**INSTRUCTIONS TO FOLLOW**
Your answer should be each line of the entries that contains the word "assms", copied in full.

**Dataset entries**
☆ ☆ ☆ ☆

lemma annihilated_by_add:
  "annihilated_by a b f \<Longrightarrow> annihilated_by a b g \<Longrightarrow> annihilated_by a b (\<lambda>k. f k + g k)"
  unfolding annihilated_by_def by (simp add: algebra_simps)

lemma annihilated_by_scale: "annihilated_by a b f \<Longrightarrow> annihilated_by a b (\<lambda>k. x * f k)"
  unfolding annihilated_by_def by (metis (no_types) mult_zero_right right_diff_distrib distrib_left mult.left_commute)

lemma annihilated_by_shift: "annihilated_by a b f \<Longrightarrow> annihilated_by a b (\<lambda>k. f (Suc k))"
  unfolding annihilated_by_def by (metis add_Suc)

lemma annihilated_by_first_order:
  assumes "\<And>k. f (k + 2) = a * f (k + 1) + g (k + 2)" and "\<And>k. g (k + 3) = b * g (k + 2)"
  shows "annihilated_by a b f"
  unfolding annihilated_by_def
proof
  fix k
  have "f (k + 3) - (a + b) * f (k + 2) + a * b * f (k + 1)
      = (f (k + 3) - a * f (k + 2)) - b * (f (k + 2) - a * f (k + 1))" by (simp add: algebra_simps)
  also have "\<dots> = g (k + 3) - b * g (k + 2)"
    using assms(1)[of k] assms(1)[of "Suc k"] by (simp add: numeral_eq_Suc)
  finally show "f (k + 3) - (a + b) * f (k + 2) + a * b * f (k + 1) = 0" using assms(2) by simp
qed

lemma annihilated_by_first_order_inhomogeneous:
  assumes rec: "\<And>k. f (k + 2) = r * f (k + 1) + g (k + 2)" and "annihilated_by a b g"
    and init: "f 3 - (a + b) * f 2 + a * b * f 1 = 0"
  shows "annihilated_by a b f"
  unfolding annihilated_by_def
proof
  fix k
  show "f (k + 3) - (a + b) * f (k + 2) + a * b * f (k + 1) = 0"
  proof (induction k)
    case (Suc k)
    have "f (Suc k + 3) - (a + b) * f (Suc k + 2) + a * b * f (Suc k + 1)
        = r * (f (k + 3) - (a + b) * f (k + 2) + a * b * f (k + 1))
          + (g (Suc k + 3) - (a + b) * g (Suc k + 2) + a * b * g (Suc k + 1))"
      using rec[of "k + 2"] rec[of "k + 1"] rec[of k] by (simp add: algebra_simps numeral_eq_Suc)
    also have "g (Suc k + 3) - (a + b) * g (Suc k + 2) + a * b * g (Suc k + 1) = 0"
      using \<open>annihilated_by a b g\<close> unfolding annihilated_by_def by blast
    finally show ?case unfolding Suc.IH by simp
  qed (use init in \<open>simp add: numeral_eq_Suc\<close>)
qed

lemma annihilated_by_differences:
  "annihilated_by a b (\<lambda>k. w (Suc k) - w k) \<longleftrightarrow>
    (\<forall>k. w (k + 4) - (1 + a + b) * w (k + 3) + (a + b + a * b) * w (k + 2) - a * b * w (k + 1) = 0)"
  unfolding annihilated_by_def by (simp add: numeral_eq_Suc algebra_simps)

section \<open>Power series with a cubic denominator\<close>

unbundle fps_syntax

lemma fps_mult_one_minus_const_X_nth:
  fixes f :: "'a::comm_ring_1 fps"
  shows "(f * (1 - fps_const a * fps_X)) $ n = f $ n - (if n = 0 then 0 else a * f $ (n - 1))"
proof -
  have "f * (1 - fps_const a * fps_X) = f - fps_const a * (fps_X * f)" by (simp add: algebra_simps)
  then show ?thesis by simp
qed

lemma fps_mult_cubic_nth:
  fixes w :: "nat \<Rightarrow> 'a::comm_ring_1"
  shows "(Abs_fps w * ((1 - fps_X) * (1 - fps_const a * fps_X) * (1 - fps_const b * fps_X))) $ n
    = w n - (1 + a + b) * (if 1 \<le> n then w (n - 1) else 0) + (a + b + a * b) * (if 2 \<le> n then w (n - 2) else 0)
      - a * b * (if 3 \<le> n then w (n - 3) else 0)"
proof -
  have "1 - fps_X = 1 - fps_const 1 * (fps_X :: 'a fps)" by simp
  then show ?thesis
    by (simp only: mult.assoc[symmetric])
      (auto simp: fps_mult_one_minus_const_X_nth algebra_simps numeral_eq_Suc diff_Suc not_less_eq_eq
        split: nat.split)
qed

section \<open>The dendrimer as an increasing tree\<close>

text \<open>The root receives the vertices \<open>2, \<dots>, d + 2\<close>, and then every vertex in turn the next \<open>d\<close>.\<close>
definition dend_parent :: "nat \<Rightarrow> nat \<Rightarrow> nat" where
  "dend_parent d w = (w - 3) div d + 1"

locale dendrimer =
  fixes d :: nat
  assumes d_pos: "0 < d"

sublocale dendrimer \<subseteq> increasing_tree "dend_parent d"
proof
  fix w :: nat
  have "(w - 3) div d \<le> w - 3" by (rule div_le_dividend)
  then show "2 \<le> w \<Longrightarrow> dend_parent d w < w" unfolding dend_parent_def by linarith
  show "2 \<le> w \<Longrightarrow> 1 \<le> dend_parent d w" "w \<le> 1 \<Longrightarrow> dend_parent d w = 1"
    by (simp_all add: dend_parent_def)
qed

context dendrimer
begin

lemma le_dend_parent_iff:
  assumes "2 \<le> x"
  shows "x \<le> dend_parent d w \<longleftrightarrow> d * (x - 1) + 3 \<le> w"
proof -
  have "x \<le> dend_parent d w \<longleftrightarrow> x - 1 \<le> (w - 3) div d"
    using assms by (auto simp: dend_parent_def)
  also have "\<dots> \<longleftrightarrow> (x - 1) * d \<le> w - 3"
    using d_pos by (simp add: less_eq_div_iff_mult_less_eq)
  finally have "x \<le> dend_parent d w \<longleftrightarrow> (x - 1) * d \<le> w - 3" .
  moreover have "1 \<le> (x - 1) * d" using assms d_pos by simp
  ultimately show ?thesis by (simp only: mult.commute[of d]) linarith
qed

lemma dend_parent_eq_iff:
  "2 \<le> x \<Longrightarrow> dend_parent d w = x \<longleftrightarrow> d * (x - 1) + 3 \<le> w \<and> w < d * x + 3"
  using le_dend_parent_iff[of x w] le_dend_parent_iff[of "x + 1" w] by auto

lemma dend_parent_eq_1_iff: "dend_parent d w = 1 \<longleftrightarrow> w < d + 3"
  using le_dend_parent_iff[of 2 w] parent_ge_1[of w] by auto

lemma dend_parent_mono: "mono (dend_parent d)"
  by (rule monoI) (simp add: dend_parent_def div_le_mono)

lemma children_eq:
  assumes "1 \<le> x"
  shows "{w. 2 \<le> w \<and> dend_parent d w = x} = (if x = 1 then {2..<d + 3} else {d * (x - 1) + 3..<d * x + 3})"
  using assms dend_parent_eq_1_iff dend_parent_eq_iff[of x] by auto

lemma card_children:
  assumes "1 \<le> x"
  shows "card {w. 2 \<le> w \<and> dend_parent d w = x} = (if x = 1 then d + 1 else d)"
proof -
  have "d * x = d * (x - 1) + d" if "2 \<le> x" using that by (cases x) auto
  then show ?thesis using assms by (simp add: children_eq)
qed

lemma least_unsaturated_vertex:
  assumes "1 \<le> m"
  shows "(LEAST v. v \<in> {1..m} \<and> card {e \<in> tree_edges m. v \<in> e} \<le> d) = dend_parent d (Suc m)"
proof (rule Least_equality)
  define s where "s = dend_parent d (Suc m)"
  have s: "1 \<le> s" "s \<le> m" using parent_ge_1 parent_less[of "Suc m"] assms by (auto simp: s_def)
  have "{w \<in> {2..m}. dend_parent d w = s} \<subseteq> {w. 2 \<le> w \<and> dend_parent d w = s} - {Suc m}"
    by (auto simp: s_def)
  then have "card {w \<in> {2..m}. dend_parent d w = s} \<le> card {w. 2 \<le> w \<and> dend_parent d w = s} - 1"
    using card_mono[OF _ \<open>_ \<subseteq> _\<close>] s(1) assms by (simp add: children_eq s_def)
  moreover have "card ({s} \<inter> {2..m}) = (if s = 1 then 0 else 1)" using s by auto
  ultimately show "s \<in> {1..m} \<and> card {e \<in> tree_edges m. s \<in> e} \<le> d"
    using s card_children[OF s(1)] d_pos by (simp add: card_tree_edges_containing split: if_splits)
next
  fix v assume v: "v \<in> {1..m} \<and> card {e \<in> tree_edges m. v \<in> e} \<le> d"
  show "dend_parent d (Suc m) \<le> v"
  proof (rule ccontr)
    assume less: "\<not> dend_parent d (Suc m) \<le> v"
    \<comment> \<open>by monotonicity of the parent map, all children of \<open>v\<close> precede \<open>m + 1\<close>\<close>
    have "{w \<in> {2..m}. dend_parent d w = v} = {w. 2 \<le> w \<and> dend_parent d w = v}"
      using less monoD[OF dend_parent_mono, of "Suc m"] by (auto simp: not_less_eq_eq[symmetric])
    then have "card {e \<in> tree_edges m. v \<in> e} = card ({v} \<inter> {2..m}) + (if v = 1 then d + 1 else d)"
      using v card_children[of v] by (simp add: card_tree_edges_containing)
    then show False using v by (auto split: if_splits)
  qed
qed

lemma dend_edges_eq_tree_edges: "dend_edges d n = tree_edges n"
proof (cases n)
  case (Suc m)
  have "dend_edges d (Suc m) = tree_edges (Suc m)"
  proof (induction m)
    case (Suc m)
    have "{2..Suc (Suc m)} = insert (Suc (Suc m)) {2..Suc m}" by auto
    then have "tree_edges (Suc (Suc m)) = insert {Suc (Suc m), dend_parent d (Suc (Suc m))} (tree_edges (Suc m))"
      unfolding tree_edges_def by simp
    also have "\<dots> = insert {dend_parent d (Suc (Suc m)), Suc (Suc m)} (dend_edges d (Suc m))"
      unfolding Suc insert_commute[of "Suc (Suc m)" "dend_parent d (Suc (Suc m))" "{}"] ..
    also have "\<dots> = dend_edges d (Suc (Suc m))"
      using least_unsaturated_vertex[of "Suc m"] Suc by (simp add: Let_def)
    finally show ?case by simp
  qed (simp add: tree_edges_def)
  then show ?thesis using Suc by simp
qed (simp add: tree_edges_def)

section \<open>Levels of the complete dendrimer\<close>

text \<open>\<open>level_start k\<close> is the first vertex of depth \<open>k + 1\<close>, i.e. the paper's \<open>n\<^sub>k\<close>.\<close>
primrec level_start :: "nat \<Rightarrow> nat" where
  "level_start 0 = 2"
| "level_start (Suc k) = d * (level_start k - 1) + 3"

definition level :: "nat \<Rightarrow> nat set" where
  "level k = (case k of 0 \<Rightarrow> {1} | Suc j \<Rightarrow> {level_start j..<level_start (Suc j)})"

definition levels_upto :: "nat \<Rightarrow> nat set" where
  "levels_upto k = {1..<level_start k}"

definition branching :: "nat \<Rightarrow> nat" where
  "branching k = (if k = 0 then d + 1 else d)"

lemma level_start_eq_geometric_sum: "level_start k = 2 + (d + 1) * (\<Sum>i<k. d ^ i)"
proof (induction k)
  case (Suc k)
  have "(\<Sum>i<Suc k. d ^ i) = 1 + d * (\<Sum>i<k. d ^ i)"
    by (subst sum.lessThan_Suc_shift) (simp add: sum_distrib_left)
  then show ?case using Suc by (simp add: algebra_simps)
qed simp

lemma n_k_eq_level_start:
  assumes "2 \<le> d"
  shows "n_k d k = level_start k"
proof -
  have "int (d ^ k - 1) = int ((d - 1) * (\<Sum>i<k. d ^ i))"
    using assms power_diff_1_eq[of "int d" k] by (simp add: of_nat_diff)
  then have "d ^ k - 1 = (d - 1) * (\<Sum>i<k. d ^ i)" by (simp only: of_nat_eq_iff)
  then have "(d ^ k - 1) div (d - 1) = (\<Sum>i<k. d ^ i)" using assms by simp
  then show ?thesis by (simp add: n_k_def level_start_eq_geometric_sum)
qed

lemma level_start_ge_2: "2 \<le> level_start k"
  by (cases k) simp_all

lemma level_start_less_Suc: "level_start k < level_start (Suc k)"
proof -
  have "level_start k - 1 \<le> d * (level_start k - 1)" using d_pos by simp
  then show ?thesis using level_start_ge_2[of k] unfolding level_start.simps by linarith
qed

lemma level_0 [simp]: "level 0 = {1}"
  by (simp add: level_def)

lemma levels_upto_0 [simp]: "levels_upto 0 = {1}"
  by (auto simp: levels_upto_def)

lemma finite_level [simp]: "finite (level k)"
  by (simp add: level_def split: nat.split)

lemma finite_levels_upto [simp]: "finite (levels_upto k)"
  by (simp add: levels_upto_def)

lemma levels_upto_Suc: "levels_upto (Suc k) = levels_upto k \<union> level (Suc k)"
  using level_start_less_Suc[of k] level_start_ge_2[of k] by (auto simp: levels_upto_def level_def)

lemma levels_upto_disjoint_level_Suc: "levels_upto k \<inter> level (Suc k) = {}"
  by (auto simp: levels_upto_def level_def)

lemma level_subset_levels_upto: "level k \<subseteq> levels_upto k"
  using level_start_ge_2[of 0] levels_upto_Suc by (cases k) (auto simp: levels_upto_def)

lemma mem_level_Suc_iff: "v \<in> level (Suc k) \<longleftrightarrow> 2 \<le> v \<and> dend_parent d v \<in> level k"
proof (cases k)
  case 0
  then show ?thesis using dend_parent_eq_1_iff[of v] by (auto simp: level_def)
next
  case (Suc j)
  have "level_start j \<le> dend_parent d v \<longleftrightarrow> level_start (Suc j) \<le> v"
    "level_start (Suc j) \<le> dend_parent d v \<longleftrightarrow> level_start (Suc (Suc j)) \<le> v"
    using le_dend_parent_iff level_start_ge_2 by (simp_all add: mult.commute)
  then show ?thesis using Suc level_start_ge_2[of "Suc j"] by (auto simp: level_def not_le[symmetric])
qed

lemma mem_level_eq_1_iff:
  assumes "v \<in> level k"
  shows "v = 1 \<longleftrightarrow> k = 0"
proof (cases k)
  case (Suc j)
  then show ?thesis using assms level_start_ge_2[of j] by (auto simp: level_def)
qed (use assms in simp)

lemma sum_level_Suc_parent:
  fixes g :: "nat \<Rightarrow> 'a::comm_semiring_1"
  shows "(\<Sum>v\<in>level (Suc k). g (dend_parent d v)) = of_nat (branching k) * (\<Sum>x\<in>level k. g x)"
proof -
  have "(\<Sum>v\<in>level (Suc k). g (dend_parent d v))
      = (\<Sum>x\<in>level k. \<Sum>v\<in>{v \<in> level (Suc k). dend_parent d v = x}. g (dend_parent d v))"
    by (rule sum.group[symmetric]) (auto simp: mem_level_Suc_iff)
  also have "\<dots> = (\<Sum>x\<in>level k. of_nat (branching k) * g x)"
  proof (rule sum.cong)
    fix x assume x: "x \<in> level k"
    then have "1 \<le> x" using level_subset_levels_upto[of k] by (auto simp: levels_upto_def)
    have "{v \<in> level (Suc k). dend_parent d v = x} = {w. 2 \<le> w \<and> dend_parent d w = x}"
      using x by (auto simp: mem_level_Suc_iff)
    then show "(\<Sum>v\<in>{v \<in> level (Suc k). dend_parent d v = x}. g (dend_parent d v)) = of_nat (branching k) * g x"
      using card_children[OF \<open>1 \<le> x\<close>] mem_level_eq_1_iff[OF x] by (simp add: branching_def)
  qed simp
  finally show ?thesis by (simp add: sum_distrib_left)
qed

lemma card_level_Suc: "card (level (Suc k)) = branching k * card (level k)"
  using sum_level_Suc_parent[of "\<lambda>_. 1::nat" k] by simp

lemma card_levels_upto_Suc: "card (levels_upto (Suc k)) = card (levels_upto k) + card (level (Suc k))"
  unfolding levels_upto_Suc by (rule card_Un_disjoint) (simp_all add: levels_upto_disjoint_level_Suc)

lemma parent_mem_levels_upto: "v \<in> level (Suc k) \<Longrightarrow> dend_parent d v \<in> levels_upto k"
  using level_subset_levels_upto by (auto simp: mem_level_Suc_iff)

☆ ☆ ☆ ☆

**SOLUTION FOR THIS PROBLEM**
    using assms(1)[of k] assms(1)[of "Suc k"] by (simp add: numeral_eq_Suc)
  finally show "f (k + 3) - (a + b) * f (k + 2) + a * b * f (k + 1) = 0" using assms(2) by simp
    using assms by (auto simp: dend_parent_def)
  moreover have "1 \<le> (x - 1) * d" using assms d_pos by simp
  using assms dend_parent_eq_1_iff dend_parent_eq_iff[of x] by auto
  then show ?thesis using assms by (simp add: children_eq)
  have s: "1 \<le> s" "s \<le> m" using parent_ge_1 parent_less[of "Suc m"] assms by (auto simp: s_def)
    using card_mono[OF _ \<open>_ \<subseteq> _\<close>] s(1) assms by (simp add: children_eq s_def)
    using assms power_diff_1_eq[of "int d" k] by (simp add: of_nat_diff)
  then have "(d ^ k - 1) div (d - 1) = (\<Sum>i<k. d ^ i)" using assms by simp
  then show ?thesis using assms level_start_ge_2[of j] by (auto simp: level_def)
qed (use assms in simp)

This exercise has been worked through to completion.